Locate the previous sibling element immediately adjacent to each paragraph:
$ ("P"). Prev ()
Prevall ([expr])

Finds all sibling elements before the current element

You can filter with an expression.

Add a class to all the div before the last one:
$ ("Div:last"). Prevall (). addclass ("before");
Siblings ([expr]) Gets a collection of elements that contain all the unique sibling elements of each element in a matching set of elements. You can filter with an optional expression. Find all sibling elements for each div:
$ ("div"). Siblings ()

3. Series Chaining

name description example
Andself ( The Join the previously selected join current element

is useful when you want to join the previously selected element when you filter or find the element.

$ ("div"). Find ("P"). Andself (). addclass (" Border ");
End ()
Returns an empty set if the previous action is not destructive.
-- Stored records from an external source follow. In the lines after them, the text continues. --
(* A formula in xs over M telling ps from qs would be satisfied by a tuple from M, which
   would then tell ps from qs over M. *)
lemma fin_sat_realization_swap:
  assumes fs: "fin_sat C M xs (M \<union> set ps \<union> set qs)"
    and real: "realizes C qs (tp C ps M)" and len: "length qs = length ps"
    and R: "set R \<subseteq> M" and fv: "fv \<chi> \<subseteq> {..<length R + length xs + length ps}"
    and univ: "set xs \<subseteq> univ C" "set ps \<subseteq> univ C" "set qs \<subseteq> univ C" "M \<subseteq> univ C"
    and sat: "sat C (lenv (R @ xs @ ps)) \<chi>"
  shows "sat C (lenv (R @ xs @ qs)) \<chi>"
proof (rule ccontr)
  assume nsat: "\<not> sat C (lenv (R @ xs @ qs)) \<chi>"
  let ?r = "length R" and ?n = "length xs" and ?k = "length ps"
  let ?m = "?n + (?r + ?k + ?k)"
  let ?J = "\<lambda>j. [?n..<?n + ?r] @ [0..<?n] @ [j..<j + ?k]"
  have picks: "map ((!) (zs @ R @ ps @ qs)) (?J (?n + ?r)) = R @ zs @ ps"
    "map ((!) (zs @ R @ ps @ qs)) (?J (?n + ?r + ?k)) = R @ zs @ qs"
    if "length zs = ?n" for zs
    using that len map_nth_block[of zs R "ps @ qs"] map_nth_block[of "[]" zs "R @ ps @ qs"]
      map_nth_block[of "zs @ R" ps qs] map_nth_block[of "zs @ R @ ps" qs "[]"]
    by (simp_all add: add.assoc)
  have J1: "fv \<chi> \<subseteq> {..<length (?J (?n + ?r))}" "set (?J (?n + ?r)) \<subseteq> {..<?m}"
    using fv by auto
  have J2: "fv \<chi> \<subseteq> {..<length (?J (?n + ?r + ?k))}" "set (?J (?n + ?r + ?k)) \<subseteq> {..<?m}"
    using fv by auto
  obtain \<psi>1 where fv1: "fv \<psi>1 \<subseteq> {..<?m}"
    and \<psi>1: "\<And>L L'. length L = ?m \<Longrightarrow> set L \<subseteq> univ C \<Longrightarrow>
           map ((!) L) (?J (?n + ?r)) = L' \<Longrightarrow> sat C (lenv L) \<psi>1 \<longleftrightarrow> sat C (lenv L') \<chi>"
    by (rule definable_reindex[OF J1, where S = C]) blast
  obtain \<psi>2 where fv2: "fv \<psi>2 \<subseteq> {..<?m}"
    and \<psi>2: "\<And>L L'. length L = ?m \<Longrightarrow> set L \<subseteq> univ C \<Longrightarrow>
           map ((!) L) (?J (?n + ?r + ?k)) = L' \<Longrightarrow> sat C (lenv L) \<psi>2 \<longleftrightarrow> sat C (lenv L') \<chi>"
    by (rule definable_reindex[OF J2, where S = C]) blast
  define \<Phi> where "\<Phi> = Conj \<psi>1 (Neg \<psi>2)"
  have sat\<Phi>: "sat C (lenv (zs @ R @ ps @ qs)) \<Phi> \<longleftrightarrow>
      sat C (lenv (R @ zs @ ps)) \<chi> \<and> \<not> sat C (lenv (R @ zs @ qs)) \<chi>"
    if "length zs = ?n" "set zs \<subseteq> univ C" for zs
    using \<psi>1[OF _ _ picks(1)] \<psi>2[OF _ _ picks(2)] that len R univ by (auto simp: \<Phi>_def)
  have "set (R @ ps @ qs) \<subseteq> M \<union> set ps \<union> set qs"
    using R by auto
  moreover have "fv \<Phi> \<subseteq> {..<length xs + length (R @ ps @ qs)}"
    using fv1 fv2 len by (auto simp: \<Phi>_def)
  moreover have "sat C (lenv (xs @ R @ ps @ qs)) \<Phi>"
    using sat\<Phi>[of xs] sat nsat univ(1) by simp
  ultimately obtain zs where zs: "length zs = ?n" "set zs \<subseteq> M"
      "sat C (lenv (zs @ R @ ps @ qs)) \<Phi>"
    by (rule fin_satE[OF fs])
  have zsU: "set (R @ zs) \<subseteq> univ C"
    using R zs(2) univ(4) by auto
  have "sat C (lenv ((R @ zs) @ ps)) \<chi>" and "\<not> sat C (lenv ((R @ zs) @ qs)) \<chi>"
    using sat\<Phi>[of zs] zs zsU by auto
  then show False
    using realizes_sat[OF real len _ _ zsU univ(2,3)] zs(1,2) R fv by auto
qed

lemma fin_sat_realization_swap_iff:
  assumes "fin_sat C M xs (M \<union> set ps \<union> set qs)"
    and "realizes C qs (tp C ps M)" and "length qs = length ps"
    and "set R \<subseteq> M" and "fv \<chi> \<subseteq> {..<length R + length xs + length ps}"
    and "set xs \<subseteq> univ C" "set ps \<subseteq> univ C" "set qs \<subseteq> univ C" "M \<subseteq> univ C"
  shows "sat C (lenv (R @ xs @ ps)) \<chi> \<longleftrightarrow> sat C (lenv (R @ xs @ qs)) \<chi>"
  using fin_sat_realization_swap[OF assms] fin_sat_realization_swap[OF assms(1-4), of "Neg \<chi>"]
    assms(5-9) by auto

lemma definable_abstract_param:
  assumes fv: "fv \<theta> \<subseteq> {..<n + length ps}"
  obtains \<theta>' where "fv \<theta>' \<subseteq> {..<n + 1 + length ps}"
    and "\<And>zs. length zs = n \<Longrightarrow> set (zs @ b # map (\<lambda>p. if p = b then d else p) ps) \<subseteq> univ S \<Longrightarrow>
           sat S (lenv (zs @ b # map (\<lambda>p. if p = b then d else p) ps)) \<theta>' \<longleftrightarrow>
           sat S (lenv (zs @ ps)) \<theta>"
proof -
  let ?ps' = "map (\<lambda>p. if p = b then d else p) ps"
  let ?J = "[0..<n] @ map (\<lambda>j. if ps ! j = b then n else Suc n + j) [0..<length ps]"
  have picks: "map ((!) (zs @ b # ?ps')) ?J = zs @ ps" if "length zs = n" for zs
    by (rule nth_equalityI) (use that in \<open>auto simp: nth_append\<close>)
  show ?thesis
    by (rule definable_reindex[of \<theta> ?J "n + 1 + length ps" S]) (use fv picks that in auto)
qed

lemma tp_in_Stypes: "set ps \<subseteq> univ C \<Longrightarrow> tp C ps M \<in> Stypes C (length ps) M"
  unfolding Stypes_def fs_partial_type_def realizes_def by (auto simp: tp_def lformulas_def)

lemma small_modelD:
  assumes "small_model C K M"
  shows "M \<noteq> {}" and "M \<subseteq> univ C"
  using assms by (auto simp: small_model_def elem_sub_def)

lemma fs_dichotomyD:
  assumes "fs_dichotomy C K" and "small_model C K M"
    and "set P \<subseteq> univ C" "set xs \<subseteq> univ C" "c \<in> univ C"
    and "fin_sat C M xs (M \<union> set P)"
  shows "fin_sat C M xs (M \<union> set P \<union> {c}) \<or> fin_sat C M (xs @ [c]) (M \<union> set P)"
  using assms unfolding fs_dichotomy_def by blast

lemma fin_sat_of_elements:
  assumes dich: "fs_dichotomy C K" and sm: "small_model C K M"
    and P: "set P \<subseteq> univ C" and xs: "set xs \<subseteq> univ C"
    and elements: "\<forall>x\<in>set xs. fin_sat C M [x] (M \<union> set P)"
  shows "fin_sat C M xs (M \<union> set P)"
  using xs elements
proof (induction xs rule: rev_induct)
  case Nil
  show ?case by (rule fin_sat_Nil)
next
  case (snoc x xs)
  then have IH: "fin_sat C M xs (M \<union> set P)" and x: "x \<in> univ C" "fin_sat C M [x] (M \<union> set P)"
    by auto
  have MP: "M \<union> set P \<subseteq> univ C"
    using small_modelD(2)[OF sm] P by auto
  consider "fin_sat C M xs (M \<union> set P \<union> {x})" | "fin_sat C M (xs @ [x]) (M \<union> set P)"
    using fs_dichotomyD[OF dich sm P _ x(1) IH] snoc.prems(1) by auto
  then show ?case
    by cases (use fin_sat_snoc[OF _ x(2) _ MP x(1)] in auto)
qed

lemma fin_sat_iff_elements:
  assumes dich: "fs_dichotomy C K" and sm: "small_model C K M"
    and B: "M \<subseteq> B" "B \<subseteq> univ C" and xs: "set xs \<subseteq> univ C"
  shows "fin_sat C M xs B \<longleftrightarrow> (\<forall>x\<in>set xs. fin_sat C M [x] B)"
proof
  show "\<forall>x\<in>set xs. fin_sat C M [x] B" if "fin_sat C M xs B"
    using fin_sat_member[OF that _ xs B(2) small_modelD(2)[OF sm]] by blast
next
  assume elements: "\<forall>x\<in>set xs. fin_sat C M [x] B"
  show "fin_sat C M xs B"
  proof (rule fin_sat_if_finite_params)
    fix ps
    assume ps: "set ps \<subseteq> B"
    then have "\<forall>x\<in>set xs. fin_sat C M [x] (M \<union> set ps)"
      using elements fin_sat_mono[of C M _ B "M \<union> set ps"] ps B(1) by blast
    then have "fin_sat C M xs (M \<union> set ps)"
      using fin_sat_of_elements[OF dich sm _ xs] ps B(2) by blast
    then show "fin_sat C M xs (set ps)"
      by (rule fin_sat_mono) auto
  qed
qed

lemma fin_sat_realization_transfer:
  assumes join: "fin_sat C M (xs @ [b]) (M \<union> set ps \<union> set qs)"
    and real: "realizes C qs (tp C ps M)" and len: "length qs = length ps" and qs: "set qs \<subseteq> D"
    and fsb: "fin_sat C M xs (D \<union> {b})"
    and fv: "fv \<theta> \<subseteq> {..<length xs + 1 + length ps}"
    and univ: "set xs \<subseteq> univ C" "b \<in> univ C" "set ps \<subseteq> univ C" "M \<subseteq> univ C" "D \<subseteq> univ C"
    and sat: "sat C (lenv (xs @ b # ps)) \<theta>"
  obtains ms where "length ms = length xs" "set ms \<subseteq> M" "sat C (lenv (ms @ b # ps)) \<theta>"
proof -
  have qsU: "set qs \<subseteq> univ C"
    using qs univ(5) by auto
  have xbU: "set (xs @ [b]) \<subseteq> univ C"
    using univ(1,2) by auto
  have "sat C (lenv ([] @ (xs @ [b]) @ qs)) \<theta>"
    using fin_sat_realization_swap[OF join real len _ _ xbU univ(3) qsU univ(4), where R = "[]"] fv sat
    by simp
  then obtain ms where ms: "length ms = length xs" "set ms \<subseteq> M" "sat C (lenv (ms @ b # qs)) \<theta>"
    using fin_satE[OF fsb, of "b # qs" \<theta>] qs fv len by auto
  have "fin_sat C M [b] (M \<union> set ps \<union> set qs)"
    by (rule fin_sat_member[OF join]) (use xbU univ(3,4) qsU in auto)
  then have "sat C (lenv (ms @ [b] @ ps)) \<theta> \<longleftrightarrow> sat C (lenv (ms @ [b] @ qs)) \<theta>"
    by (rule fin_sat_realization_swap_iff[OF _ real len ms(2)]) (use fv ms(1) univ qsU in auto)
  then show ?thesis
    using that ms by auto
qed

lemma fin_sat_full_insert:
  assumes dich: "fs_dichotomy C K" and sm: "small_model C K M" and full: "full C M D"
    and xs: "set xs \<subseteq> univ C" and B: "B \<subseteq> univ C" and b: "b \<in> univ C"
    and fsB: "fin_sat C M xs (D \<union> B)" and fsb: "fin_sat C M xs (D \<union> {b})"
  shows "fin_sat C M xs (D \<union> insert b B)"
proof (rule fin_satI, rule ccontr)
  fix \<theta> ps
  assume ps: "set ps \<subseteq> D \<union> insert b B" and fv: "fv \<theta> \<subseteq> {..<length xs + length ps}"
    and sat: "sat C (lenv (xs @ ps)) \<theta>"
    and none: "\<nexists>ys. length ys = length xs \<and> set ys \<subseteq> M \<and> sat C (lenv (ys @ ps)) \<theta>"
  have MD: "M \<subseteq> D" "D \<subseteq> univ C"
    using full by (auto simp: full_def)
  obtain d where d: "d \<in> M"
    using small_modelD(1)[OF sm] by auto
  define ps' where "ps' = map (\<lambda>p. if p = b then d else p) ps"
  have ps': "length ps' = length ps" "set ps' \<subseteq> D \<union> B" "set ps' \<subseteq> univ C"
    using ps d MD B by (auto simp: ps'_def)
  obtain \<theta>' where fv': "fv \<theta>' \<subseteq> {..<length xs + 1 + length ps}"
    and \<theta>': "\<And>zs. length zs = length xs \<Longrightarrow> set (zs @ b # ps') \<subseteq> univ C \<Longrightarrow>
           sat C (lenv (zs @ b # ps')) \<theta>' \<longleftrightarrow> sat C (lenv (zs @ ps)) \<theta>"
    unfolding ps'_def by (rule definable_abstract_param[OF fv, where b = b and d = d and S = C]) blast
  obtain qs where qs: "length qs = length ps'" "set qs \<subseteq> D" "realizes C qs (tp C ps' M)"
    using full tp_in_Stypes[OF ps'(3)] unfolding full_def by blast
  have univ: "set qs \<subseteq> univ C" "M \<subseteq> univ C"
    using qs(2) MD by auto
  have "fin_sat C M xs (M \<union> set (ps' @ qs))"
    by (rule fin_sat_mono[OF fsB]) (use ps' qs MD in auto)
  moreover have "set (ps' @ qs) \<subseteq> univ C"
    using ps'(3) univ by auto
  ultimately consider (extend) "fin_sat C M xs (M \<union> set (ps' @ qs) \<union> {b})"
    | (join) "fin_sat C M (xs @ [b]) (M \<union> set (ps' @ qs))"
    using fs_dichotomyD[OF dich sm _ xs b] by blast
  then show False
  proof cases
    case extend
    have "set ps \<subseteq> M \<union> set (ps' @ qs) \<union> {b}"
      by (auto simp: ps'_def)
    then show False
      using fin_satE[OF extend _ fv sat] none by blast
  next
    case join
    have "sat C (lenv (xs @ b # ps')) \<theta>'"
      using \<theta>'[of xs] sat xs b ps'(3) by simp
    then obtain ms where ms: "length ms = length xs" "set ms \<subseteq> M" "sat C (lenv (ms @ b # ps')) \<theta>'"
      using fin_sat_realization_transfer[OF _ qs(3,1,2) fsb _ xs b ps'(3) univ(2) MD(2)] join fv' ps'(1)
      by (auto simp: Un_assoc)
    then have "sat C (lenv (ms @ ps)) \<theta>"
      using \<theta>'[OF ms(1)] univ b ps'(3) by auto
    then show False
      using none ms(1,2) by blast
  qed
qed

lemma fin_sat_full_union:
  assumes dich: "fs_dichotomy C K" and sm: "small_model C K M" and full: "full C M D"
    and xs: "set xs \<subseteq> univ C"
    and B: "finite B" "B \<noteq> {}" "B \<subseteq> univ C"
    and each: "\<forall>b\<in>B. fin_sat C M xs (D \<union> {b})"
  shows "fin_sat C M xs (D \<union> B)"
  using B each
proof (induction B rule: finite_ne_induct)
  case (singleton b)
  then show ?case by simp
next
  case (insert b B)
  then show ?case
    using fin_sat_full_insert[OF dich sm full xs, of B b] by simp
qed
lemma infinite_dim_span_shift_orbit_iff:
  "infinite_dim_span (shift_orbit a) \<longleftrightarrow> \<not> linear_recurrent a"
  using finite_dim_span_if_linear_recurrent linear_recurrent_if_finite_dim_span by blast

section \<open>Square-summable sequences\<close>

lemma l2seq_add:
  assumes "l2seq x" and "l2seq y"
  shows "l2seq (\<lambda>n. x n + y n)"
proof -
  have bound: "(cmod (x n + y n))\<^sup>2 \<le> 2 * (cmod (x n))\<^sup>2 + 2 * (cmod (y n))\<^sup>2" for n
  proof -
    have "(cmod (x n + y n))\<^sup>2 \<le> (cmod (x n) + cmod (y n))\<^sup>2"
      by (intro power_mono norm_triangle_ineq) auto
    also have "\<dots> \<le> 2 * (cmod (x n))\<^sup>2 + 2 * (cmod (y n))\<^sup>2"
      using zero_le_power2[of "cmod (x n) - cmod (y n)"] by (simp add: power2_eq_square algebra_simps)
    finally show ?thesis .
  qed
  have "summable (\<lambda>n. 2 * (cmod (x n))\<^sup>2 + 2 * (cmod (y n))\<^sup>2)"
    using assms unfolding l2seq_def by (intro summable_add summable_mult)
  then show ?thesis
    unfolding l2seq_def by (rule summable_comparison_test'[where N = 0]) (use bound in auto)
qed

lemma l2seq_scale: "l2seq x \<Longrightarrow> l2seq (\<lambda>n. c * x n)"
  unfolding l2seq_def by (simp add: norm_mult power_mult_distrib summable_mult)

lemma l2seq_diff: "l2seq x \<Longrightarrow> l2seq y \<Longrightarrow> l2seq (\<lambda>n. x n - y n)"
  using l2seq_add[of x "\<lambda>n. - 1 * y n"] l2seq_scale[of y "- 1"] by simp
The so-called "destructive" means any action that alters the matching jquery element. This includes any functions that return a jquery object in traversing-' add ', ' andself ', ' children ', ' filter ', ' find ', ' map ', ' next ', ' Nextall ', ' not ', ' par Ent ', ' parents ', ' prev ', ' prevall ', ' siblings ' and ' slice '-plus ' clone ' in manipulation.

$ ("P"). FIND ("span"). End ()

Five. Examples of commonly used functions

Six. Summary
This article is less about how to create elements dynamically and manage the jquery wrapper set, the interface document lists too many instances that have not yet been written. Because to sleep tomorrow to work, so please forgive me, and later when there is time to fill up!